In 1973, the Overseas Technical Cooperation Agency (OTCA; predecessor of the Japan International Cooperation Agency) presented a plan to construct five subway lines in Metro Manila. The study was known as the Urban Transport Study in the Manila Metropolitan Area (UTSMMA). One of the five lines, Line 3, was planned as a 24.3 km line along Epifanio de los Santos Avenue (EDSA), the region's busiest road corridor. The plan would have resolved the traffic problems of Metro Manila and would have taken 15 years to complete.

Another study by JICA was presented in 1976 which included the five lines proposed in 1973. The study recommended heavy rail due to the rising population.

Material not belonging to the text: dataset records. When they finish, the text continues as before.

lemma cauchy_mle_score:
  assumes a: "a \<in> upper_half" and max: "\<forall>\<theta>\<in>upper_half. cauchy_lik n xs \<theta> \<le> cauchy_lik n xs a"
  shows "cauchy_score n xs a = of_nat n / (a - cnj a)"
proof -
  define c where "c = of_nat n / (a - cnj a) - cauchy_score n xs a"
  define d where "d = Im a / (norm c + 1)"
  have Ima: "Im a > 0"
    using a by (simp add: upper_half_def)
  then have "d > 0"
    by (simp add: d_def add_nonneg_pos)
  have "cauchy_loglik n xs (a + of_real t * cnj c) \<le> cauchy_loglik n xs (a + of_real 0 * cnj c)"
    if "\<bar>0 - t\<bar> < d" for t
  proof -
    have "\<bar>t * Im c\<bar> \<le> d * norm c"
      using that abs_Im_le_cmod[of c] by (simp add: abs_mult mult_mono)
    also have "\<dots> < Im a"
      using Ima by (simp add: d_def pos_divide_less_eq add_nonneg_pos)
    finally have Im_pos: "Im (a + of_real t * cnj c) > 0"
      by simp
    then have "cauchy_lik n xs (a + of_real t * cnj c) \<le> cauchy_lik n xs a"
      using max by (simp add: upper_half_def)
    then have "ln (cauchy_lik n xs (a + of_real t * cnj c)) \<le> ln (cauchy_lik n xs a)"
      using cauchy_lik_pos[OF Im_pos, of n xs] cauchy_lik_pos[OF Ima, of n xs] by simp
    then show ?thesis
      using ln_cauchy_lik[OF Ima] ln_cauchy_lik[OF Im_pos] by simp
  qed
  \<comment> \<open>in the direction \<open>cnj c\<close> the log-likelihood has derivative \<open>2 \<bar>c\<bar>\<^sup>2\<close>\<close>
  then have "2 * Re (cnj c * c) = 0"
    using DERIV_local_max[OF cauchy_loglik_has_derivative_along_line[OF Ima] \<open>d > 0\<close>]
    unfolding c_def by blast
  moreover have "Re (cnj c * c) = (norm c)\<^sup>2"
    by (metis Re_complex_of_real complex_norm_square mult.commute)
  ultimately have "c = 0"
    by (metis mult_eq_0_iff norm_eq_zero power_eq_0_iff zero_neq_numeral)
  then show ?thesis
    by (simp add: c_def)
qed

lemma deriv_cauchy_q_at_stationary_point:
  assumes "0 < n" "Im a \<noteq> 0" and score: "cauchy_score n xs a = of_nat n / (a - cnj a)"
  shows "deriv (cauchy_q n xs) a = - (\<Sum>j<n. (1 - (a - cnj a) / (a - of_real (xs j)))\<^sup>2) / of_nat n"
proof -
  define k where "k = a - cnj a"
  define w where "w j = 1 / (a - of_real (xs j))" for j
  have k0: "k \<noteq> 0" and n0: "(of_nat n :: complex) \<noteq> 0"
    using assms(1,2) by (auto simp: k_def complex_eq_iff)
  have "(\<Sum>j<n. 1 - k * w j) = of_nat n - k * cauchy_score n xs a"
    by (simp add: w_def cauchy_score_def sum_subtractf sum_distrib_left)
  then have sum_zero: "(\<Sum>j<n. 1 - k * w j) = 0"
    using k0 by (simp add: score k_def)
  have "deriv (cauchy_q n xs) a = 1 - of_nat n * (\<Sum>j<n. (w j)\<^sup>2) / (of_nat n / k)\<^sup>2"
    using DERIV_imp_deriv[OF cauchy_q_has_field_derivative[OF assms(1,2)]]
    by (simp add: score k_def w_def power_divide)
  also have "\<dots> = 1 - k\<^sup>2 * (\<Sum>j<n. (w j)\<^sup>2) / of_nat n"
    using k0 n0 by (simp add: power2_eq_square)
  also have "\<dots> = (\<Sum>j<n. 2 * (1 - k * w j) - (1 - k * w j)\<^sup>2) / of_nat n"
    using n0 by (simp add: field_simps power2_eq_square sum_subtractf sum_distrib_left sum.distrib)
  also have "\<dots> = (2 * (\<Sum>j<n. 1 - k * w j) - (\<Sum>j<n. (1 - k * w j)\<^sup>2)) / of_nat n"
    by (simp only: sum_subtractf sum_distrib_left[symmetric])
  also have "\<dots> = - (\<Sum>j<n. (1 - k * w j)\<^sup>2) / of_nat n"
    by (simp only: sum_zero) simp
  finally show ?thesis
    by (simp add: k_def w_def)
qed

During the construction of the first line of the Manila Light Rail Transit System in the early 1980s, Electrowatt Engineering Services of Zürich designed a comprehensive plan for metro service in Metro Manila. The plan—still used as the basis for planning new metro lines—consisted of a 150 km network of rapid transit lines spanning all major corridors within 20 years. The study integrated the previous 1973 OTCA study, the 1976 JICA study, and the 1977 Freeman Fox and Associates study codename MMETROPLAN (Metro Manila Transport, Land Use and Development Planning Project), which was used as the basis for the LRT Line 1.

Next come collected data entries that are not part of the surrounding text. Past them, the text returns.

lemma power_card_power_expansion:
  "x ^ (card K ^ i) = (\<Sum>j<n. coord x j * beta j ^ (card K ^ i))"
proof -
  have char: "0 < CHAR('a)"
    by (rule finite_imp_CHAR_pos[OF finite_UNIV])
  obtain e where e: "card K = CHAR('a) ^ e"
    using card_add_subgroup_CHAR_power[OF char finite is_subfield_add_subgroup[OF subfield]] by blast
  have "x ^ (card K ^ i) = (\<Sum>j<n. coord x j * beta j) ^ (card K ^ i)"
    by (simp add: coord_expansion)
  also have "\<dots> = (\<Sum>j<n. (coord x j * beta j) ^ (card K ^ i))"
    by (rule freshmans_dream_sum'[where n = "e * i"])
       (simp_all add: char prime_CHAR_semidom e power_mult)
  also have "\<dots> = (\<Sum>j<n. coord x j * beta j ^ (card K ^ i))"
    by (rule sum.cong) (simp_all add: power_mult_distrib is_subfield_power_card_power subfield coord_in)
  finally show ?thesis .
qed

lemma coord_linearized:
  assumes inv: "\<And>i j. i < n \<Longrightarrow> j < n \<Longrightarrow>
      (\<Sum>l<n. beta i ^ (card K ^ l) * a l j) = (if i = j then 1 else 0)"
    and k: "k < n"
  shows "(\<Sum>i<n. a i k * x ^ (card K ^ i)) = coord x k"
proof -
  have "(\<Sum>i<n. a i k * x ^ (card K ^ i)) = (\<Sum>i<n. \<Sum>j<n. coord x j * (beta j ^ (card K ^ i) * a i k))"
    by (simp add: power_card_power_expansion[of x] sum_distrib_left mult_ac)
  also have "\<dots> = (\<Sum>j<n. coord x j * (\<Sum>i<n. beta j ^ (card K ^ i) * a i k))"
    by (subst sum.swap) (simp add: sum_distrib_left)
  also have "\<dots> = (\<Sum>j<n. if j = k then coord x j else 0)"
    by (rule sum.cong) (simp_all add: inv k)
  also have "\<dots> = coord x k"
    using k by simp
  finally show ?thesis .
qed

end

===Development and early delays===
The project was restarted as a light rail project in 1989. DOTC planned to construct a light railway transit line along EDSA, a major thoroughfare in Metropolitan Manila, which would traverse Quezon City, San Juan, Mandaluyong, Makati, and Pasay. The plan, referred to as EDSA Light Rail Transit III (EDSA LRT III), was intended to provide a mass transit system along EDSA and alleviate the congestion and growing transportation problems in the metropolis. On March 3, 1990, a letter of intent was sent by Eli Levin Enterprises, Inc., represented by an Israeli businessman and apparent namesake Elijahu Levin, to the Department of Transportation and Communications (DOTC), now Department of Transportation (DOTr), secretary Oscar Orbos, proposing to construct the EDSA LRT III on a build-operate-transfer (BOT) basis.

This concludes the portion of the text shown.